__WHAT IS BEING ASKED__
Your task is to give the number of lines below that contain "unfolding". Give no other text.

INFORMATION GIVEN Start Marker

lemma closedin_tree_topology_vertex:
  assumes fin: "fin_graph V E" and "closedin (tree_topology V E) C" "Inr e \<in> C" "u \<in> e"
  shows "Inl u \<in> C"
proof (rule ccontr)
  assume "Inl u \<notin> C"
  have C: "C \<subseteq> tree_points V E" "openin (tree_topology V E) (tree_points V E - C)"
    using assms(2) by (simp_all add: closedin_def topspace_tree_topology[OF fin])
  then have "e \<in> E" using assms(3) by auto
  with assms(4) have "u \<in> V" using fin_graph_edge(2)[OF fin] by blast
  with \<open>Inl u \<notin> C\<close> have "Inl u \<in> tree_points V E - C" by simp
  with C(2) \<open>e \<in> E\<close> assms(4) have "Inr e \<in> tree_points V E - C"
    unfolding openin_tree_topology[OF fin] by blast
  with assms(3) show False by blast
qed

lemma closedin_tree_topology_Inl:
  assumes "fin_graph V E" "v \<in> V"
  shows "closedin (tree_topology V E) {Inl v}"
  using assms by (auto simp: closedin_def topspace_tree_topology openin_tree_topology)

lemma Inl_notin_branch: "Inl v \<notin> branch V E v e"
  using connected_component_of_subset_topspace unfolding branch_def by fastforce

lemma closedin_insert_branch:
  assumes fin: "fin_graph V E" and "v \<in> V"
  shows "closedin (tree_topology V E) (insert (Inl v) (branch V E v e))"
proof -
  have "closedin (subtopology (tree_topology V E) (tree_points V E - {Inl v})) (branch V E v e)"
    unfolding branch_def by (rule closedin_connected_component_of)
  then obtain C where C: "closedin (tree_topology V E) C"
    and branch: "branch V E v e = C \<inter> (tree_points V E - {Inl v})"
    by (auto simp: closedin_subtopology)
  have "insert (Inl v) (branch V E v e) = C \<union> {Inl v}"
    using closedin_subset[OF C] by (auto simp: branch topspace_tree_topology[OF fin])
  then show ?thesis
    using closedin_Un[OF C closedin_tree_topology_Inl[OF assms]] by simp
qed

lemma Inl_in_branch:
  assumes fin: "fin_graph V E" and "v \<in> V" "e \<in> E" "u \<in> e" "u \<noteq> v"
  shows "Inl u \<in> branch V E v e"
proof -
  have "Inr e \<in> branch V E v e"
    using assms(3) by (simp add: branch_def connected_component_of_refl topspace_tree_topology[OF fin])
  then have "Inl u \<in> insert (Inl v) (branch V E v e)"
    using closedin_tree_topology_vertex[OF fin closedin_insert_branch[OF fin assms(2)]] assms(4)
    by blast
  with assms(5) show ?thesis by simp
qed

lemma branch_eqI:
  assumes fin: "fin_graph V E" and S: "S \<subseteq> tree_points V E - {Inl v}"
    and "openin (tree_topology V E) S" "closedin (tree_topology V E) (insert (Inl v) S)"
    and "connectedin (tree_topology V E) S" "Inr e \<in> S"
  shows "S = branch V E v e"
proof -
  let ?Y = "subtopology (tree_topology V E) (tree_points V E - {Inl v})"
  have "connectedin ?Y S" using assms(5) S by (simp add: connectedin_subtopology)
  then have "S \<subseteq> branch V E v e"
    unfolding branch_def using assms(6) by (rule connected_component_of_maximal)
  have "openin ?Y S" using assms(3) S by (rule subset_openin_subtopology)
  moreover have "closedin ?Y S"
    unfolding closedin_subtopology using assms(4) S by (intro exI[of _ "insert (Inl v) S"]) auto
  ultimately have "branch V E v e \<subseteq> S \<or> disjnt (branch V E v e) S"
    unfolding branch_def by (metis connectedin_clopen_cases connectedin_connected_component_of)
  with \<open>S \<subseteq> branch V E v e\<close> assms(6) show ?thesis by (auto simp: disjnt_def)
qed

locale open_connected_subtree =
  fixes V :: "'a set" and E :: "'a set set" and S :: "('a + 'a set) set"
  assumes tree: "is_tree V E"
    and S_subset: "S \<subseteq> tree_points V E"
    and open_S: "openin (tree_topology V E) S"
    and connected_S: "connectedin (tree_topology V E) S"
begin

definition verts :: "'a set" where
  "verts = {v \<in> V. Inl v \<in> S}"

definition inner_edges :: "'a set set" where
  "inner_edges = {e \<in> E. e \<subseteq> verts}"

definition boundary :: "'a set set" where
  "boundary = {e \<in> E. e \<inter> verts \<noteq> {} \<and> \<not> e \<subseteq> verts}"

lemma fin_graph_VE: "fin_graph V E"
  using tree by (simp add: is_tree_def)

lemma verts_subset: "verts \<subseteq> V"
  by (auto simp: verts_def)

text \<open>Together with \<open>verts_def\<close> this simp rule makes the simplifier loop.\<close>

lemma Inl_in_S_iff [simp]: "Inl v \<in> S \<longleftrightarrow> v \<in> verts"
  using S_subset by (auto simp: verts_def)

lemma Inr_in_S: "v \<in> verts \<Longrightarrow> e \<in> E \<Longrightarrow> v \<in> e \<Longrightarrow> Inr e \<in> S"
  using open_S by (simp add: openin_tree_topology[OF fin_graph_VE])

lemma S_clopen_cases:
  "openin (tree_topology V E) A \<Longrightarrow> openin (tree_topology V E) (S - A) \<Longrightarrow> S \<subseteq> A \<or> S \<inter> A = {}"
proof (rule ccontr)
  assume "openin (tree_topology V E) A" "openin (tree_topology V E) (S - A)"
    and "\<not> (S \<subseteq> A \<or> S \<inter> A = {})"
  moreover have "S \<subseteq> A \<union> (S - A)" "A \<inter> (S - A) \<inter> S = {}" by auto
  ultimately show False
    using connected_S unfolding connectedin by blast
qed

lemma edge_meets_verts:
  assumes "verts \<noteq> {}" "Inr e \<in> S"
  shows "e \<inter> verts \<noteq> {}"
proof
  assume no_verts: "e \<inter> verts = {}"
  have "e \<in> E" using assms(2) S_subset by auto
  then have "openin (tree_topology V E) {Inr e}" by (simp add: openin_tree_topology[OF fin_graph_VE])
  moreover have "openin (tree_topology V E) (S - {Inr e})"
    using S_subset Inr_in_S no_verts by (auto simp: openin_tree_topology[OF fin_graph_VE])
  ultimately have "S \<subseteq> {Inr e}" using S_clopen_cases assms(2) by blast
  moreover obtain v where "Inl v \<in> S" using assms(1) by auto
  ultimately show False by blast
qed

lemma graph_connected_verts:
  assumes "w \<in> verts"
  shows "graph_connected verts inner_edges"
proof -
  define C where "C = graph_component inner_edges w"
  \<comment> \<open>Both \<open>A\<close> and \<open>S - A\<close> are open, so connectedness of \<open>S\<close> forces \<open>S \<subseteq> A\<close>.\<close>
  define A where "A = Inl ` C \<union> Inr ` {e \<in> E. e \<inter> C \<noteq> {}}"
  have "C \<subseteq> verts"
    unfolding C_def using assms by (intro graph_component_subset) (auto simp: inner_edges_def)
  have "openin (tree_topology V E) A"
    using \<open>C \<subseteq> verts\<close> verts_subset by (auto simp: openin_tree_topology[OF fin_graph_VE] A_def)
  moreover have "openin (tree_topology V E) (S - A)"
    unfolding openin_tree_topology[OF fin_graph_VE]
  proof (intro conjI allI impI)
    fix u g assume u: "Inl u \<in> S - A" and "g \<in> E" "u \<in> g"
    have "Inr g \<notin> A"
    proof
      assume "Inr g \<in> A"
      then obtain c where "c \<in> g" "c \<in> C" by (auto simp: A_def)
      moreover have "u \<notin> C" using u by (auto simp: A_def)
      ultimately have "g = {c, u}"
        using fin_graph_edge(1)[OF fin_graph_VE \<open>g \<in> E\<close>] \<open>u \<in> g\<close> by (auto simp: card_2_iff)
      moreover have "g \<in> inner_edges"
        using \<open>g = {c, u}\<close> \<open>c \<in> C\<close> \<open>C \<subseteq> verts\<close> u \<open>g \<in> E\<close> by (auto simp: inner_edges_def)
      ultimately have "u \<in> C" using \<open>c \<in> C\<close> graph_component_edge unfolding C_def by metis
      with \<open>u \<notin> C\<close> show False ..
    qed
    then show "Inr g \<in> S - A" using u Inr_in_S \<open>g \<in> E\<close> \<open>u \<in> g\<close> by auto
  qed (use S_subset in auto)
  moreover have "w \<in> C" by (simp add: C_def graph_component_def)
  then have "Inl w \<in> S \<inter> A" using assms by (simp add: A_def)
  ultimately have "S \<subseteq> A" using S_clopen_cases by blast
  have "verts \<subseteq> C"
  proof
    fix x assume "x \<in> verts"
    then have "Inl x \<in> A" using \<open>S \<subseteq> A\<close> Inl_in_S_iff[of x] by blast
    then show "x \<in> C" by (auto simp: A_def)
  qed
  with \<open>C \<subseteq> verts\<close> have "C = verts" by blast
  moreover have "{g \<in> inner_edges. g \<subseteq> verts} = inner_edges" by (auto simp: inner_edges_def)
  ultimately show ?thesis using graph_connected_component[of inner_edges w] by (simp add: C_def)
qed

lemma forest_E: "forest E"
  using tree by (simp add: is_tree_def forest_if_no_cycle)

lemma chi_eq_sum_verts: "chi V E S = (\<Sum>v\<in>verts. chi_v E v)"
  unfolding chi_def verts_def ..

INFORMATION GIVEN End Marker

__TASK RESULT__
11